__Study material__
lemma stable_rel_dsum:
  fixes S :: "'a::cstar_algebra set"
  assumes S: "operator_system S" and XX': "(X, X') \<in> stable_rel S" and YY': "(Y, Y') \<in> stable_rel S"
  shows "(X \<oplus>\<^sub>d Y, X' \<oplus>\<^sub>d Y') \<in> stable_rel S"
proof -
  obtain k where k: "dim_row X \<le> k" "dim_row X' \<le> k"
    and hX: "herm_homotopic S k (X \<oplus>\<^sub>d 1\<^sub>m (k - dim_row X)) (X' \<oplus>\<^sub>d 1\<^sub>m (k - dim_row X'))"
    using stable_relE[OF S XX'] .
  obtain l where l: "dim_row Y \<le> l" "dim_row Y' \<le> l"
    and hY: "herm_homotopic S l (Y \<oplus>\<^sub>d 1\<^sub>m (l - dim_row Y)) (Y' \<oplus>\<^sub>d 1\<^sub>m (l - dim_row Y'))"
    using stable_relE[OF S YY'] .
  have forms: "X \<in> herm_forms S" "X' \<in> herm_forms S" "Y \<in> herm_forms S" "Y' \<in> herm_forms S"
    using XX' YY' stable_rel_herm_forms by blast+
  have "((X \<oplus>\<^sub>d 1\<^sub>m (k - dim_row X)) \<oplus>\<^sub>d (Y \<oplus>\<^sub>d 1\<^sub>m (l - dim_row Y)),
         (X' \<oplus>\<^sub>d 1\<^sub>m (k - dim_row X')) \<oplus>\<^sub>d (Y' \<oplus>\<^sub>d 1\<^sub>m (l - dim_row Y'))) \<in> stable_rel S"
    using forms k l S herm_homotopic_dsum[OF S hX hY]
    by (intro stable_rel_if_herm_homotopic[where k = "k + l"] herm_forms_dsum herm_forms_dsum_one_mat) auto
  moreover have "(X \<oplus>\<^sub>d Y, (X \<oplus>\<^sub>d 1\<^sub>m (k - dim_row X)) \<oplus>\<^sub>d (Y \<oplus>\<^sub>d 1\<^sub>m (l - dim_row Y))) \<in> stable_rel S"
    "(X' \<oplus>\<^sub>d Y', (X' \<oplus>\<^sub>d 1\<^sub>m (k - dim_row X')) \<oplus>\<^sub>d (Y' \<oplus>\<^sub>d 1\<^sub>m (l - dim_row Y'))) \<in> stable_rel S"
    by (intro stable_rel_pad_blocks[OF S] forms)+
  ultimately show ?thesis
    using stable_rel_trans[OF S] stable_rel_sym by blast
qed

lemma stable_rel_dsum_commute:
  fixes S :: "'a::cstar_algebra set"
  assumes S: "operator_system S" and X: "X \<in> herm_forms S" and Y: "Y \<in> herm_forms S"
  shows "(X \<oplus>\<^sub>d Y, Y \<oplus>\<^sub>d X) \<in> stable_rel S"
proof -
  define a b where "a = dim_row X" and "b = dim_row Y"
  have "hermitian_form S (a + b) (X \<oplus>\<^sub>d 1\<^sub>m b)"
    unfolding a_def b_def by (rule hermitian_form_dsum[OF S herm_formsD[OF X] hermitian_form_one[OF S]])
  moreover have "hermitian_form S (a + b) (Y \<oplus>\<^sub>d 1\<^sub>m a)"
    unfolding a_def b_def
    by (subst add.commute) (rule hermitian_form_dsum[OF S herm_formsD[OF Y] hermitian_form_one[OF S]])
  ultimately have "herm_homotopic S (a + b + (a + b)) ((X \<oplus>\<^sub>d 1\<^sub>m b) \<oplus>\<^sub>d (Y \<oplus>\<^sub>d 1\<^sub>m a)) ((Y \<oplus>\<^sub>d 1\<^sub>m a) \<oplus>\<^sub>d (X \<oplus>\<^sub>d 1\<^sub>m b))"
    by (rule herm_homotopic_swap[OF S])
  then have "((X \<oplus>\<^sub>d 1\<^sub>m b) \<oplus>\<^sub>d (Y \<oplus>\<^sub>d 1\<^sub>m a), (Y \<oplus>\<^sub>d 1\<^sub>m a) \<oplus>\<^sub>d (X \<oplus>\<^sub>d 1\<^sub>m b)) \<in> stable_rel S"
    using S X Y by (intro stable_rel_if_herm_homotopic herm_forms_dsum herm_forms_dsum_one_mat)
      (auto simp: a_def b_def)
  moreover have "(X \<oplus>\<^sub>d Y, (X \<oplus>\<^sub>d 1\<^sub>m b) \<oplus>\<^sub>d (Y \<oplus>\<^sub>d 1\<^sub>m a)) \<in> stable_rel S"
    "(Y \<oplus>\<^sub>d X, (Y \<oplus>\<^sub>d 1\<^sub>m a) \<oplus>\<^sub>d (X \<oplus>\<^sub>d 1\<^sub>m b)) \<in> stable_rel S"
    by (intro stable_rel_pad_blocks[OF S] X Y)+
  ultimately show ?thesis
    using stable_rel_trans[OF S] stable_rel_sym by blast
qed

section \<open>The monoid \<open>\<V>(S)\<close> and its Grothendieck group\<close>

lemma V_monoid_carrier: "carrier (V_monoid S) = herm_forms S // stable_rel S"
  and V_monoid_mult: "x \<otimes>\<^bsub>V_monoid S\<^esub> y = V_class S ((SOME X. X \<in> x) \<oplus>\<^sub>d (SOME Y. Y \<in> y))"
  and V_monoid_one: "\<one>\<^bsub>V_monoid S\<^esub> = V_class S (1\<^sub>m 1)"
  unfolding V_monoid_def by simp_all

lemma V_class_in_carrier: "X \<in> herm_forms S \<Longrightarrow> V_class S X \<in> carrier (V_monoid S)"
  unfolding V_monoid_carrier V_class_def by (rule quotientI)

lemma V_monoid_cases:
  assumes "c \<in> carrier (V_monoid S)"
  obtains X where "X \<in> herm_forms S" "c = V_class S X"
  using assms unfolding V_monoid_carrier V_class_def by (auto elim: quotientE)

lemma V_class_eq:
  "operator_system S \<Longrightarrow> (X, Y) \<in> stable_rel S \<Longrightarrow> V_class S X = V_class S Y"
  unfolding V_class_def by (rule equiv_class_eq[OF equiv_stable_rel])

lemma stable_rel_some_V_class:
  assumes S: "operator_system S" and X: "X \<in> herm_forms S"
  shows "(X, SOME Z. Z \<in> V_class S X) \<in> stable_rel S"
proof -
  have "X \<in> V_class S X"
    unfolding V_class_def using stable_rel_refl[OF S X] by simp
  then have "(SOME Z. Z \<in> V_class S X) \<in> V_class S X"
    by (rule someI)
  then show ?thesis
    unfolding V_class_def by simp
qed

lemma V_class_mult:
  assumes S: "operator_system S" and X: "X \<in> herm_forms S" and Y: "Y \<in> herm_forms S"
  shows "V_class S X \<otimes>\<^bsub>V_monoid S\<^esub> V_class S Y = V_class S (X \<oplus>\<^sub>d Y)"
  unfolding V_monoid_mult
  by (rule V_class_eq[OF S stable_rel_sym[OF stable_rel_dsum[OF S stable_rel_some_V_class[OF S X]
        stable_rel_some_V_class[OF S Y]]]])

lemma comm_monoid_V_monoid:
  fixes S :: "'a::cstar_algebra set"
  assumes S: "operator_system S"
  shows "comm_monoid (V_monoid S)"
proof (rule comm_monoidI)
  fix x y assume x: "x \<in> carrier (V_monoid S)" and y: "y \<in> carrier (V_monoid S)"
  obtain X where X: "X \<in> herm_forms S" "x = V_class S X"
    using x by (rule V_monoid_cases)
  obtain Y where Y: "Y \<in> herm_forms S" "y = V_class S Y"
    using y by (rule V_monoid_cases)
  show "x \<otimes>\<^bsub>V_monoid S\<^esub> y \<in> carrier (V_monoid S)"
    unfolding X Y V_class_mult[OF S X(1) Y(1)] by (rule V_class_in_carrier[OF herm_forms_dsum[OF S X(1) Y(1)]])
  show "x \<otimes>\<^bsub>V_monoid S\<^esub> y = y \<otimes>\<^bsub>V_monoid S\<^esub> x"
    unfolding X Y V_class_mult[OF S X(1) Y(1)] V_class_mult[OF S Y(1) X(1)]
    by (rule V_class_eq[OF S stable_rel_dsum_commute[OF S X(1) Y(1)]])
next
  show "\<one>\<^bsub>V_monoid S\<^esub> \<in> carrier (V_monoid S)"
    unfolding V_monoid_one by (rule V_class_in_carrier[OF one_in_herm_forms[OF S]])
next
  fix x y z assume x: "x \<in> carrier (V_monoid S)" and y: "y \<in> carrier (V_monoid S)"
    and z: "z \<in> carrier (V_monoid S)"
  obtain X where X: "X \<in> herm_forms S" "x = V_class S X"
    using x by (rule V_monoid_cases)
  obtain Y where Y: "Y \<in> herm_forms S" "y = V_class S Y"
    using y by (rule V_monoid_cases)
  obtain Z where Z: "Z \<in> herm_forms S" "z = V_class S Z"
    using z by (rule V_monoid_cases)
  show "x \<otimes>\<^bsub>V_monoid S\<^esub> y \<otimes>\<^bsub>V_monoid S\<^esub> z = x \<otimes>\<^bsub>V_monoid S\<^esub> (y \<otimes>\<^bsub>V_monoid S\<^esub> z)"
    unfolding X(2) Y(2) Z(2) V_class_mult[OF S X(1) Y(1)] V_class_mult[OF S Y(1) Z(1)]
      V_class_mult[OF S herm_forms_dsum[OF S X(1) Y(1)] Z(1)]
      V_class_mult[OF S X(1) herm_forms_dsum[OF S Y(1) Z(1)]] dsum_assoc ..
next
  fix x assume "x \<in> carrier (V_monoid S)"
  then obtain X where X: "X \<in> herm_forms S" "x = V_class S X"
    by (rule V_monoid_cases)
  have "\<one>\<^bsub>V_monoid S\<^esub> \<otimes>\<^bsub>V_monoid S\<^esub> x = V_class S (1\<^sub>m 1 \<oplus>\<^sub>d X)"
    unfolding V_monoid_one X(2) by (rule V_class_mult[OF S one_in_herm_forms[OF S] X(1)])
  also have "\<dots> = V_class S (X \<oplus>\<^sub>d 1\<^sub>m 1)"
    by (rule V_class_eq[OF S stable_rel_dsum_commute[OF S one_in_herm_forms[OF S] X(1)]])
  also have "\<dots> = x"
    unfolding X(2) by (rule V_class_eq[OF S stable_rel_dsum_one_mat[OF S X(1)]])
  finally show "\<one>\<^bsub>V_monoid S\<^esub> \<otimes>\<^bsub>V_monoid S\<^esub> x = x" .
qed

context comm_monoid
begin

lemma groth_rel_iff:
  "((a, b), (c, d)) \<in> groth_rel G \<longleftrightarrow> a \<in> carrier G \<and> b \<in> carrier G \<and> c \<in> carrier G \<and> d \<in> carrier G
     \<and> (\<exists>k \<in> carrier G. a \<otimes> d \<otimes> k = c \<otimes> b \<otimes> k)"
  unfolding groth_rel_def by simp

lemma equiv_groth_rel: "equiv (carrier G \<times> carrier G) (groth_rel G)"
proof (rule equivI)
  show "groth_rel G \<subseteq> (carrier G \<times> carrier G) \<times> (carrier G \<times> carrier G)"
    unfolding groth_rel_def by auto
  show "refl_on (carrier G \<times> carrier G) (groth_rel G)"
    unfolding refl_on_def groth_rel_def by auto
  show "sym (groth_rel G)"
    unfolding sym_def groth_rel_def by (auto dest: sym)
  show "trans (groth_rel G)"
    unfolding trans_def
  proof (clarify)
    fix a b c d e f
    assume "((a, b), (c, d)) \<in> groth_rel G" "((c, d), (e, f)) \<in> groth_rel G"
    then obtain k l where carriers: "a \<in> carrier G" "b \<in> carrier G" "c \<in> carrier G" "d \<in> carrier G"
        "e \<in> carrier G" "f \<in> carrier G" "k \<in> carrier G" "l \<in> carrier G"
      and k: "a \<otimes> d \<otimes> k = c \<otimes> b \<otimes> k" and l: "c \<otimes> f \<otimes> l = e \<otimes> d \<otimes> l"
      unfolding groth_rel_iff by blast
    have "a \<otimes> f \<otimes> (c \<otimes> d \<otimes> k \<otimes> l) = (a \<otimes> d \<otimes> k) \<otimes> (c \<otimes> f \<otimes> l)"
      using carriers by (simp add: m_ac)
    also have "\<dots> = (c \<otimes> b \<otimes> k) \<otimes> (e \<otimes> d \<otimes> l)"
      by (simp only: k l)
    also have "\<dots> = e \<otimes> b \<otimes> (c \<otimes> d \<otimes> k \<otimes> l)"
      using carriers by (simp add: m_ac)
    finally show "((a, b), (e, f)) \<in> groth_rel G"
      unfolding groth_rel_iff using carriers by blast
  qed
qed

lemma groth_class_in_carrier:
  "a \<in> carrier G \<Longrightarrow> b \<in> carrier G \<Longrightarrow> groth_class G a b \<in> carrier (groth_group G)"
  unfolding groth_class_def groth_group_def by (simp add: quotientI)

lemma groth_group_cases:
  assumes "p \<in> carrier (groth_group G)"
  obtains a b where "a \<in> carrier G" "b \<in> carrier G" "p = groth_class G a b"
  using assms unfolding groth_class_def groth_group_def by (auto elim!: quotientE)

lemma groth_class_eq: "((a, b), (c, d)) \<in> groth_rel G \<Longrightarrow> groth_class G a b = groth_class G c d"
  unfolding groth_class_def by (rule equiv_class_eq[OF equiv_groth_rel])

lemma groth_rel_some:
  assumes "a \<in> carrier G" "b \<in> carrier G"
  shows "((a, b), (SOME x. x \<in> groth_class G a b)) \<in> groth_rel G"
proof -
  have "(a, b) \<in> groth_class G a b"
    unfolding groth_class_def using equiv_groth_rel assms by (auto simp: equiv_def refl_on_def)
  then have "(SOME x. x \<in> groth_class G a b) \<in> groth_class G a b"
    by (rule someI)
  then show ?thesis
    unfolding groth_class_def by simp
qed

lemma groth_rel_mult:
  assumes "((a, b), (a', b')) \<in> groth_rel G" "((c, d), (c', d')) \<in> groth_rel G"
  shows "((a \<otimes> c, b \<otimes> d), (a' \<otimes> c', b' \<otimes> d')) \<in> groth_rel G"
proof -
  obtain k l where carriers: "a \<in> carrier G" "b \<in> carrier G" "a' \<in> carrier G" "b' \<in> carrier G"
      "c \<in> carrier G" "d \<in> carrier G" "c' \<in> carrier G" "d' \<in> carrier G" "k \<in> carrier G" "l \<in> carrier G"
    and k: "a \<otimes> b' \<otimes> k = a' \<otimes> b \<otimes> k" and l: "c \<otimes> d' \<otimes> l = c' \<otimes> d \<otimes> l"
    using assms unfolding groth_rel_iff by blast
  have "a \<otimes> c \<otimes> (b' \<otimes> d') \<otimes> (k \<otimes> l) = (a \<otimes> b' \<otimes> k) \<otimes> (c \<otimes> d' \<otimes> l)"
    using carriers by (simp add: m_ac)
  also have "\<dots> = (a' \<otimes> b \<otimes> k) \<otimes> (c' \<otimes> d \<otimes> l)"
    by (simp only: k l)
  also have "\<dots> = a' \<otimes> c' \<otimes> (b \<otimes> d) \<otimes> (k \<otimes> l)"
    using carriers by (simp add: m_ac)
  finally show ?thesis
    unfolding groth_rel_iff using carriers by blast
qed

lemma groth_class_mult:
  assumes "a \<in> carrier G" "b \<in> carrier G" "c \<in> carrier G" "d \<in> carrier G"
  shows "groth_class G a b \<otimes>\<^bsub>groth_group G\<^esub> groth_class G c d = groth_class G (a \<otimes> c) (b \<otimes> d)"
proof -
  obtain a' b' where ab: "(SOME x. x \<in> groth_class G a b) = (a', b')"
    by fastforce
  obtain c' d' where cd: "(SOME x. x \<in> groth_class G c d) = (c', d')"
    by fastforce
  have "((a \<otimes> c, b \<otimes> d), (a' \<otimes> c', b' \<otimes> d')) \<in> groth_rel G"
    using groth_rel_mult groth_rel_some[OF assms(1,2)] groth_rel_some[OF assms(3,4)] ab cd by simp
  then show ?thesis
    unfolding groth_group_def by (simp add: ab cd groth_class_eq)
qed

end

definition groth_map :: "('m \<Rightarrow> 'n) \<Rightarrow> ('n, 'y) monoid_scheme \<Rightarrow> ('m \<times> 'm) set \<Rightarrow> ('n \<times> 'n) set" where
  "groth_map h N p = (case SOME x. x \<in> p of (a, b) \<Rightarrow> groth_class N (h a) (h b))"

__What this task involves__
Each line in the listing above from the one containing "c \<otimes> (b'" through the one containing "c' \<otimes> (b" should be repeated exactly, and no other line.

__The answer__
  have "a \<otimes> c \<otimes> (b' \<otimes> d') \<otimes> (k \<otimes> l) = (a \<otimes> b' \<otimes> k) \<otimes> (c \<otimes> d' \<otimes> l)"
    using carriers by (simp add: m_ac)
  also have "\<dots> = (a' \<otimes> b \<otimes> k) \<otimes> (c' \<otimes> d \<otimes> l)"
    by (simp only: k l)
  also have "\<dots> = a' \<otimes> c' \<otimes> (b \<otimes> d) \<otimes> (k \<otimes> l)"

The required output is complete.